- _AVAILABLE RECORDS_
(* If $(H,R)$ is a semiquasitriangular Hopf algebra, then for all $h\in H$ $$\nu(h)= R^{(2)}h_2R'^{(2)}\otimes S^{2}(R'^{(1)})S(h_1)S(R^{(1)})h_3 = R^{(1)}h_2S(R'^{(1)})\otimes S(h_1)R^{(2)}h_3R'^{(2)}.$$
   Context: All vector spaces are over a field $k$, $\otimes=\otimes_k$. For a Hopf algebra $H$ with comultiplication $\Delta$, counit $\epsilon$, antipode $S$, we use Sweedler notation $\Delta(h)=h_1\otimes h_2$, $(\Delta\otimes\mathrm{id})\Delta(h)=h_1\otimes h_2\otimes h_3$, etc. $\operatorname{Z}(H)$ is the centre of $H$. For $R\in H\otimes H$ we write $R=R^{(1)}\otimes R^{(2)}$ (summation understood); $R'^{(1)}\otimes R'^{(2)}$ denotes another copy of $R$. Definition (semiquasitriangular Hopf algebra): a pair $(H,R)$ with $H$ a Hopf algebra with bijective antipode and $R\in H\otimes H$ invertible such that (1) $R^{(1)}_1\otimes R^{(1)}_2\otimes R^{(2)} = R^{(1)}\otimes R'^{(1)}\otimes R^{(2)}R'^{(2)}$; (2) $R^{(1)}\otimes R^{(2)}_1\otimes R^{(2)}_2 = R^{(1)}R'^{(1)}\otimes R'^{(2)}\otimes R^{(2)}$; (3) $R^{(1)}\otimes R^{(2)}_2R'^{(1)}\otimes R^{(2)}_1R'^{(2)} = R^{(1)}\otimes R'^{(1)}R^{(2)}_1\otimes R'^{(2)}R^{(2)}_2$; (4) $R^{(1)}_2R'^{(1)}\otimes R^{(1)}_1R'^{(2)}\otimes R^{(2)} = R'^{(1)}R^{(1)}_1\otimes R'^{(2)}R^{(1)}_2\otimes R^{(2)}$; (5) $\nu(h):=R^{(2)}h_2R'^{(2)}\otimes S(h_1)S(R^{(1)})h_3R'^{(1)}\in H\otimes\operatorname{Z}(H)$ for all $h\in H$; (6) $\nu(h)=R^{(1)}h_2R'^{(1)}\otimes S(R'^{(2)})S(h_1)R^{(2)}h_3$ for all $h\in H$. The map $\nu:H\to H\otimes H$ in the claim is the one defined in (5). *)

theory Defs
  imports Complex_Main
begin
(* Let $\beta=(\beta_1,\ldots,\beta_\ell)$ be a composition of $N$ and $\mathcal{P}$ a subposet of the total order $1<\cdots<\ell$. The following are equivalent: (P1) $\mathcal{P}$ is a normal subposet of $1<\cdots<\ell$ (i.e. $(\beta,\mathcal{P})$ is a unipotent polytope); (P2) $\mathrm{fat}_\beta(\mathcal{P})$ is a normal (and Levi compatible) subposet of $\mathcal{Q}_\beta$; (P3) $P_\beta\subseteq N_{\mathrm{GL}_N}(\mathrm{UT}_{(\beta,\mathcal{P})})$.
   Context: Fix a prime power $q$; $\mathrm{GL}_N=\mathrm{GL}_N(\mathbb{F}_q)$. A subposet of a poset $(X,\prec_{\mathcal{R}})$ is a strict partial order $\prec_{\mathcal{P}}$ on the same set with $a\prec_{\mathcal{P}}b\Rightarrow a\prec_{\mathcal{R}}b$; it is normal if $j\prec_{\mathcal{P}}k$ implies $i\prec_{\mathcal{P}}k$ and $j\prec_{\mathcal{P}}l$ for all $i\prec_{\mathcal{R}}j$, $k\prec_{\mathcal{R}}l$. For a subposet $\mathcal{R}$ of $1<\cdots<N$, $\mathfrak{ut}_{\mathcal{R}}=\{x\in M_N(\mathbb{F}_q)\mid x_{ab}\neq0\Rightarrow a\prec_{\mathcal{R}}b\}$, $\mathrm{UT}_{\mathcal{R}}=\mathrm{Id}_N+\mathfrak{ut}_{\mathcal{R}}$. For a composition $\beta$ of $N$ with $\ell$ parts, $\mathcal{Q}_i=\{\beta_1+\cdots+\beta_{i-1}+1,\ldots,\beta_1+\cdots+\beta_i\}$; $\mathcal{Q}_\beta$ is the poset on $\{1,\ldots,N\}$ with $a\prec b$ iff $a\in\mathcal{Q}_i,b\in\mathcal{Q}_j,i<j$; $\mathrm{UT}_\beta=\mathrm{UT}_{\mathcal{Q}_\beta}$; $L_\beta$ is the block-diagonal subgroup $\mathrm{GL}_{\beta_1}\times\cdots\times\mathrm{GL}_{\beta_\ell}$ (blocks indexed by the $\mathcal{Q}_i$); $P_\beta=L_\beta\ltimes\mathrm{UT}_\beta$ (invertible block upper triangular matrices). A subposet $\mathcal{R}$ of $\mathcal{Q}_\beta$ is Levi compatible if $L_\beta\subseteq N_{\mathrm{GL}_N}(\mathrm{UT}_{\mathcal{R}})$. For a subposet $\mathcal{P}$ of $1<\cdots<\ell$, $\mathrm{fat}_\beta(\mathcal{P})$ is the poset on $\{1,\ldots,N\}$ with $a\prec b$ iff $a\in\mathcal{Q}_i,b\in\mathcal{Q}_j$ with $i\prec_{\mathcal{P}}j$, and $\mathrm{UT}_{(\beta,\mathcal{P})}=\mathrm{UT}_{\mathrm{fat}_\beta(\mathcal{P})}$. *)

theory Defs
  imports "Jordan_Normal_Form.Matrix"
begin

definition chain_order :: "nat \<Rightarrow> (nat \<times> nat) set" where
  "chain_order n = {(a, b). 1 \<le> a \<and> a < b \<and> b \<le> n}"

- _ABOUT THIS EXERCISE_
Retype each line above, keeping every character.

- _SOLUTION TO THIS TASK_
(* If $(H,R)$ is a semiquasitriangular Hopf algebra, then for all $h\in H$ $$\nu(h)= R^{(2)}h_2R'^{(2)}\otimes S^{2}(R'^{(1)})S(h_1)S(R^{(1)})h_3 = R^{(1)}h_2S(R'^{(1)})\otimes S(h_1)R^{(2)}h_3R'^{(2)}.$$
   Context: All vector spaces are over a field $k$, $\otimes=\otimes_k$. For a Hopf algebra $H$ with comultiplication $\Delta$, counit $\epsilon$, antipode $S$, we use Sweedler notation $\Delta(h)=h_1\otimes h_2$, $(\Delta\otimes\mathrm{id})\Delta(h)=h_1\otimes h_2\otimes h_3$, etc. $\operatorname{Z}(H)$ is the centre of $H$. For $R\in H\otimes H$ we write $R=R^{(1)}\otimes R^{(2)}$ (summation understood); $R'^{(1)}\otimes R'^{(2)}$ denotes another copy of $R$. Definition (semiquasitriangular Hopf algebra): a pair $(H,R)$ with $H$ a Hopf algebra with bijective antipode and $R\in H\otimes H$ invertible such that (1) $R^{(1)}_1\otimes R^{(1)}_2\otimes R^{(2)} = R^{(1)}\otimes R'^{(1)}\otimes R^{(2)}R'^{(2)}$; (2) $R^{(1)}\otimes R^{(2)}_1\otimes R^{(2)}_2 = R^{(1)}R'^{(1)}\otimes R'^{(2)}\otimes R^{(2)}$; (3) $R^{(1)}\otimes R^{(2)}_2R'^{(1)}\otimes R^{(2)}_1R'^{(2)} = R^{(1)}\otimes R'^{(1)}R^{(2)}_1\otimes R'^{(2)}R^{(2)}_2$; (4) $R^{(1)}_2R'^{(1)}\otimes R^{(1)}_1R'^{(2)}\otimes R^{(2)} = R'^{(1)}R^{(1)}_1\otimes R'^{(2)}R^{(1)}_2\otimes R^{(2)}$; (5) $\nu(h):=R^{(2)}h_2R'^{(2)}\otimes S(h_1)S(R^{(1)})h_3R'^{(1)}\in H\otimes\operatorname{Z}(H)$ for all $h\in H$; (6) $\nu(h)=R^{(1)}h_2R'^{(1)}\otimes S(R'^{(2)})S(h_1)R^{(2)}h_3$ for all $h\in H$. The map $\nu:H\to H\otimes H$ in the claim is the one defined in (5). *)

theory Defs
  imports Complex_Main
begin
(* Let $\beta=(\beta_1,\ldots,\beta_\ell)$ be a composition of $N$ and $\mathcal{P}$ a subposet of the total order $1<\cdots<\ell$. The following are equivalent: (P1) $\mathcal{P}$ is a normal subposet of $1<\cdots<\ell$ (i.e. $(\beta,\mathcal{P})$ is a unipotent polytope); (P2) $\mathrm{fat}_\beta(\mathcal{P})$ is a normal (and Levi compatible) subposet of $\mathcal{Q}_\beta$; (P3) $P_\beta\subseteq N_{\mathrm{GL}_N}(\mathrm{UT}_{(\beta,\mathcal{P})})$.
   Context: Fix a prime power $q$; $\mathrm{GL}_N=\mathrm{GL}_N(\mathbb{F}_q)$. A subposet of a poset $(X,\prec_{\mathcal{R}})$ is a strict partial order $\prec_{\mathcal{P}}$ on the same set with $a\prec_{\mathcal{P}}b\Rightarrow a\prec_{\mathcal{R}}b$; it is normal if $j\prec_{\mathcal{P}}k$ implies $i\prec_{\mathcal{P}}k$ and $j\prec_{\mathcal{P}}l$ for all $i\prec_{\mathcal{R}}j$, $k\prec_{\mathcal{R}}l$. For a subposet $\mathcal{R}$ of $1<\cdots<N$, $\mathfrak{ut}_{\mathcal{R}}=\{x\in M_N(\mathbb{F}_q)\mid x_{ab}\neq0\Rightarrow a\prec_{\mathcal{R}}b\}$, $\mathrm{UT}_{\mathcal{R}}=\mathrm{Id}_N+\mathfrak{ut}_{\mathcal{R}}$. For a composition $\beta$ of $N$ with $\ell$ parts, $\mathcal{Q}_i=\{\beta_1+\cdots+\beta_{i-1}+1,\ldots,\beta_1+\cdots+\beta_i\}$; $\mathcal{Q}_\beta$ is the poset on $\{1,\ldots,N\}$ with $a\prec b$ iff $a\in\mathcal{Q}_i,b\in\mathcal{Q}_j,i<j$; $\mathrm{UT}_\beta=\mathrm{UT}_{\mathcal{Q}_\beta}$; $L_\beta$ is the block-diagonal subgroup $\mathrm{GL}_{\beta_1}\times\cdots\times\mathrm{GL}_{\beta_\ell}$ (blocks indexed by the $\mathcal{Q}_i$); $P_\beta=L_\beta\ltimes\mathrm{UT}_\beta$ (invertible block upper triangular matrices). A subposet $\mathcal{R}$ of $\mathcal{Q}_\beta$ is Levi compatible if $L_\beta\subseteq N_{\mathrm{GL}_N}(\mathrm{UT}_{\mathcal{R}})$. For a subposet $\mathcal{P}$ of $1<\cdots<\ell$, $\mathrm{fat}_\beta(\mathcal{P})$ is the poset on $\{1,\ldots,N\}$ with $a\prec b$ iff $a\in\mathcal{Q}_i,b\in\mathcal{Q}_j$ with $i\prec_{\mathcal{P}}j$, and $\mathrm{UT}_{(\beta,\mathcal{P})}=\mathrm{UT}_{\mathrm{fat}_\beta(\mathcal{P})}$. *)

theory Defs
  imports "Jordan_Normal_Form.Matrix"
begin

definition chain_order :: "nat \<Rightarrow> (nat \<times> nat) set" where
  "chain_order n = {(a, b). 1 \<le> a \<and> a < b \<and> b \<le> n}"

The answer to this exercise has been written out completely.